[[ EXERCISE MATERIAL, beginning ]]

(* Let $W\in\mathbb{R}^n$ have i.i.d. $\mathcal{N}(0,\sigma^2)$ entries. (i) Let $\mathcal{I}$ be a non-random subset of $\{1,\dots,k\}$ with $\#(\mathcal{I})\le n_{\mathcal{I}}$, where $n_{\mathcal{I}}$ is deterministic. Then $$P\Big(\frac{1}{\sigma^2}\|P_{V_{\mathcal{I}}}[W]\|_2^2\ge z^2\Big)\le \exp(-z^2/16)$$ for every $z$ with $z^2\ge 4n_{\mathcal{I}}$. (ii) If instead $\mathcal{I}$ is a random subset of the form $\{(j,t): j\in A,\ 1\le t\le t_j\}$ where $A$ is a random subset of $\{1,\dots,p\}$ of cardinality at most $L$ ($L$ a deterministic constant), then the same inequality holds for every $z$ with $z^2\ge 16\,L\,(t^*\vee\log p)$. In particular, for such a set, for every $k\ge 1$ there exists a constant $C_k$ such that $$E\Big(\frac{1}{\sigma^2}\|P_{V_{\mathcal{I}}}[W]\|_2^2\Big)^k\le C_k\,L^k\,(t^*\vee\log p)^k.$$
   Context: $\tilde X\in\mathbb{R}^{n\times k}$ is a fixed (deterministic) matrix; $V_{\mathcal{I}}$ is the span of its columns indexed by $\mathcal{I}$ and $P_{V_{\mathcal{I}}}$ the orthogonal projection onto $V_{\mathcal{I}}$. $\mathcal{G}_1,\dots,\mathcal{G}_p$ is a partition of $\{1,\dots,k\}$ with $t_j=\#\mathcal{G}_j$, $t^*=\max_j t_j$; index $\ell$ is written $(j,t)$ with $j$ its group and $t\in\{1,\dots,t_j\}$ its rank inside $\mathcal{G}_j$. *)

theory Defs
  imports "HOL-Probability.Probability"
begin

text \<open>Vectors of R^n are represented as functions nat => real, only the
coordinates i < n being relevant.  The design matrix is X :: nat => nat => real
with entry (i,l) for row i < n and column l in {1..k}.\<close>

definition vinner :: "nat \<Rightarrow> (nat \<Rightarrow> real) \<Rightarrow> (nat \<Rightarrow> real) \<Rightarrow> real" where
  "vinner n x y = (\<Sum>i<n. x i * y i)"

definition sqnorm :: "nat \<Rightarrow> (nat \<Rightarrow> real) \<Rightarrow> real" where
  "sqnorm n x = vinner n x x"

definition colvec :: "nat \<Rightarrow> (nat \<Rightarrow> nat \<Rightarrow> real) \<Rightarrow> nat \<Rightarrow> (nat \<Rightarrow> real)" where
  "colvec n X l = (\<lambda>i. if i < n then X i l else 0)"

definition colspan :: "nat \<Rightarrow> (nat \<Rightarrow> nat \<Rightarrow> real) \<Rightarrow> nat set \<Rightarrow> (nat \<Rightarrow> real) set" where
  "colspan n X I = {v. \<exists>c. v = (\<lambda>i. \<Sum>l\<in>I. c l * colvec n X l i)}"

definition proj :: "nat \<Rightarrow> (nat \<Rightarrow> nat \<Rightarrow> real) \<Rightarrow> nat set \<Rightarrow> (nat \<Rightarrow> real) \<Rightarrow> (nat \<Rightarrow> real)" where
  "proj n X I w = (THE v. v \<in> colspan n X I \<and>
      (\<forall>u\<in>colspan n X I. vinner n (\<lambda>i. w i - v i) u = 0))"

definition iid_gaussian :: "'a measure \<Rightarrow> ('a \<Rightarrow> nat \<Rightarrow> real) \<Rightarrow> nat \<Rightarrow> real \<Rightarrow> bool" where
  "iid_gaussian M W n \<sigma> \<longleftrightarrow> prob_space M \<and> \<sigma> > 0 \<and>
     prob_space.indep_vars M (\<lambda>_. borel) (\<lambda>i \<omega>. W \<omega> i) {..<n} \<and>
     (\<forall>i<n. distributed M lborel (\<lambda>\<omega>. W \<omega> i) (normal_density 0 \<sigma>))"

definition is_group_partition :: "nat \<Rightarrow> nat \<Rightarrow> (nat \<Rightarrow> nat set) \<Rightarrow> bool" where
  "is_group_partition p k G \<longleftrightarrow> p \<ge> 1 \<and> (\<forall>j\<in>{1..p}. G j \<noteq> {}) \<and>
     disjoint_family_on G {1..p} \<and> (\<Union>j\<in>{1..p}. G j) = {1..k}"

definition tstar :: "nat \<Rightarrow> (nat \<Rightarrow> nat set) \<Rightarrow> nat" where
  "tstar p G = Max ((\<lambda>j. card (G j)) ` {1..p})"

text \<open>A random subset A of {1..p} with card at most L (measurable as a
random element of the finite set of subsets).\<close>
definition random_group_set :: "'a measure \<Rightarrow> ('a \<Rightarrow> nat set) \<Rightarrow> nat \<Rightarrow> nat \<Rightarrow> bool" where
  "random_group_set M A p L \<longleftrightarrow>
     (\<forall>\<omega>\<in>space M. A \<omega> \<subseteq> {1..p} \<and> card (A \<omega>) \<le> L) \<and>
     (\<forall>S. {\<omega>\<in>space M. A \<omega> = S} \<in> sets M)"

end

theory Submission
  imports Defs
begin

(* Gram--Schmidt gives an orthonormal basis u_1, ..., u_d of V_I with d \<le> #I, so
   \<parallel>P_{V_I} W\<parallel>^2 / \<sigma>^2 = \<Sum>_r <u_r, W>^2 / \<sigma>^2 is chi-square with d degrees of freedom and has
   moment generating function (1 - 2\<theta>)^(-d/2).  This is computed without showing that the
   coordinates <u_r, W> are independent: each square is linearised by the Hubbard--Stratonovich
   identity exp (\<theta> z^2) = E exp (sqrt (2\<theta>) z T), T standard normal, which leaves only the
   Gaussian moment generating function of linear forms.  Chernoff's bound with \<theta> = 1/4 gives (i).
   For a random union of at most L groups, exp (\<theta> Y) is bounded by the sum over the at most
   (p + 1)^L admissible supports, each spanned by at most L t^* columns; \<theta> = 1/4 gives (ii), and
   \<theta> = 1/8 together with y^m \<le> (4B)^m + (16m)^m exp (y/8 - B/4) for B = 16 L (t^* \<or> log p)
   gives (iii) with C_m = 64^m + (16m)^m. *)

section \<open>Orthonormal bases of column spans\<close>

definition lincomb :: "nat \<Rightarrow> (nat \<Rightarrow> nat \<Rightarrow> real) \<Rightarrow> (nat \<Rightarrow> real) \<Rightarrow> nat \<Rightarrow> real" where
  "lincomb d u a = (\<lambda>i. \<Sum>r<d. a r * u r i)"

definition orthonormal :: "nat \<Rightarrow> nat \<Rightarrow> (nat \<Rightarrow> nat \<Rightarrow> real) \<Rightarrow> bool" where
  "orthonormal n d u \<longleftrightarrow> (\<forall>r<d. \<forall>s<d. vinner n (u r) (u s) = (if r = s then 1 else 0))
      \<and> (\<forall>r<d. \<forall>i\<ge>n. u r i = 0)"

[[ EXERCISE MATERIAL, end ]]

WHAT YOU WILL DO: Repeat the whole of the data above exactly, keeping every word.

THE COMPLETED TASK:
(* Let $W\in\mathbb{R}^n$ have i.i.d. $\mathcal{N}(0,\sigma^2)$ entries. (i) Let $\mathcal{I}$ be a non-random subset of $\{1,\dots,k\}$ with $\#(\mathcal{I})\le n_{\mathcal{I}}$, where $n_{\mathcal{I}}$ is deterministic. Then $$P\Big(\frac{1}{\sigma^2}\|P_{V_{\mathcal{I}}}[W]\|_2^2\ge z^2\Big)\le \exp(-z^2/16)$$ for every $z$ with $z^2\ge 4n_{\mathcal{I}}$. (ii) If instead $\mathcal{I}$ is a random subset of the form $\{(j,t): j\in A,\ 1\le t\le t_j\}$ where $A$ is a random subset of $\{1,\dots,p\}$ of cardinality at most $L$ ($L$ a deterministic constant), then the same inequality holds for every $z$ with $z^2\ge 16\,L\,(t^*\vee\log p)$. In particular, for such a set, for every $k\ge 1$ there exists a constant $C_k$ such that $$E\Big(\frac{1}{\sigma^2}\|P_{V_{\mathcal{I}}}[W]\|_2^2\Big)^k\le C_k\,L^k\,(t^*\vee\log p)^k.$$
   Context: $\tilde X\in\mathbb{R}^{n\times k}$ is a fixed (deterministic) matrix; $V_{\mathcal{I}}$ is the span of its columns indexed by $\mathcal{I}$ and $P_{V_{\mathcal{I}}}$ the orthogonal projection onto $V_{\mathcal{I}}$. $\mathcal{G}_1,\dots,\mathcal{G}_p$ is a partition of $\{1,\dots,k\}$ with $t_j=\#\mathcal{G}_j$, $t^*=\max_j t_j$; index $\ell$ is written $(j,t)$ with $j$ its group and $t\in\{1,\dots,t_j\}$ its rank inside $\mathcal{G}_j$. *)

theory Defs
  imports "HOL-Probability.Probability"
begin

text \<open>Vectors of R^n are represented as functions nat => real, only the
coordinates i < n being relevant.  The design matrix is X :: nat => nat => real
with entry (i,l) for row i < n and column l in {1..k}.\<close>

definition vinner :: "nat \<Rightarrow> (nat \<Rightarrow> real) \<Rightarrow> (nat \<Rightarrow> real) \<Rightarrow> real" where
  "vinner n x y = (\<Sum>i<n. x i * y i)"

definition sqnorm :: "nat \<Rightarrow> (nat \<Rightarrow> real) \<Rightarrow> real" where
  "sqnorm n x = vinner n x x"

definition colvec :: "nat \<Rightarrow> (nat \<Rightarrow> nat \<Rightarrow> real) \<Rightarrow> nat \<Rightarrow> (nat \<Rightarrow> real)" where
  "colvec n X l = (\<lambda>i. if i < n then X i l else 0)"

definition colspan :: "nat \<Rightarrow> (nat \<Rightarrow> nat \<Rightarrow> real) \<Rightarrow> nat set \<Rightarrow> (nat \<Rightarrow> real) set" where
  "colspan n X I = {v. \<exists>c. v = (\<lambda>i. \<Sum>l\<in>I. c l * colvec n X l i)}"

definition proj :: "nat \<Rightarrow> (nat \<Rightarrow> nat \<Rightarrow> real) \<Rightarrow> nat set \<Rightarrow> (nat \<Rightarrow> real) \<Rightarrow> (nat \<Rightarrow> real)" where
  "proj n X I w = (THE v. v \<in> colspan n X I \<and>
      (\<forall>u\<in>colspan n X I. vinner n (\<lambda>i. w i - v i) u = 0))"

definition iid_gaussian :: "'a measure \<Rightarrow> ('a \<Rightarrow> nat \<Rightarrow> real) \<Rightarrow> nat \<Rightarrow> real \<Rightarrow> bool" where
  "iid_gaussian M W n \<sigma> \<longleftrightarrow> prob_space M \<and> \<sigma> > 0 \<and>
     prob_space.indep_vars M (\<lambda>_. borel) (\<lambda>i \<omega>. W \<omega> i) {..<n} \<and>
     (\<forall>i<n. distributed M lborel (\<lambda>\<omega>. W \<omega> i) (normal_density 0 \<sigma>))"

definition is_group_partition :: "nat \<Rightarrow> nat \<Rightarrow> (nat \<Rightarrow> nat set) \<Rightarrow> bool" where
  "is_group_partition p k G \<longleftrightarrow> p \<ge> 1 \<and> (\<forall>j\<in>{1..p}. G j \<noteq> {}) \<and>
     disjoint_family_on G {1..p} \<and> (\<Union>j\<in>{1..p}. G j) = {1..k}"

definition tstar :: "nat \<Rightarrow> (nat \<Rightarrow> nat set) \<Rightarrow> nat" where
  "tstar p G = Max ((\<lambda>j. card (G j)) ` {1..p})"

text \<open>A random subset A of {1..p} with card at most L (measurable as a
random element of the finite set of subsets).\<close>
definition random_group_set :: "'a measure \<Rightarrow> ('a \<Rightarrow> nat set) \<Rightarrow> nat \<Rightarrow> nat \<Rightarrow> bool" where
  "random_group_set M A p L \<longleftrightarrow>
     (\<forall>\<omega>\<in>space M. A \<omega> \<subseteq> {1..p} \<and> card (A \<omega>) \<le> L) \<and>
     (\<forall>S. {\<omega>\<in>space M. A \<omega> = S} \<in> sets M)"

end

theory Submission
  imports Defs
begin

(* Gram--Schmidt gives an orthonormal basis u_1, ..., u_d of V_I with d \<le> #I, so
   \<parallel>P_{V_I} W\<parallel>^2 / \<sigma>^2 = \<Sum>_r <u_r, W>^2 / \<sigma>^2 is chi-square with d degrees of freedom and has
   moment generating function (1 - 2\<theta>)^(-d/2).  This is computed without showing that the
   coordinates <u_r, W> are independent: each square is linearised by the Hubbard--Stratonovich
   identity exp (\<theta> z^2) = E exp (sqrt (2\<theta>) z T), T standard normal, which leaves only the
   Gaussian moment generating function of linear forms.  Chernoff's bound with \<theta> = 1/4 gives (i).
   For a random union of at most L groups, exp (\<theta> Y) is bounded by the sum over the at most
   (p + 1)^L admissible supports, each spanned by at most L t^* columns; \<theta> = 1/4 gives (ii), and
   \<theta> = 1/8 together with y^m \<le> (4B)^m + (16m)^m exp (y/8 - B/4) for B = 16 L (t^* \<or> log p)
   gives (iii) with C_m = 64^m + (16m)^m. *)

section \<open>Orthonormal bases of column spans\<close>

definition lincomb :: "nat \<Rightarrow> (nat \<Rightarrow> nat \<Rightarrow> real) \<Rightarrow> (nat \<Rightarrow> real) \<Rightarrow> nat \<Rightarrow> real" where
  "lincomb d u a = (\<lambda>i. \<Sum>r<d. a r * u r i)"

definition orthonormal :: "nat \<Rightarrow> nat \<Rightarrow> (nat \<Rightarrow> nat \<Rightarrow> real) \<Rightarrow> bool" where
  "orthonormal n d u \<longleftrightarrow> (\<forall>r<d. \<forall>s<d. vinner n (u r) (u s) = (if r = s then 1 else 0))
      \<and> (\<forall>r<d. \<forall>i\<ge>n. u r i = 0)"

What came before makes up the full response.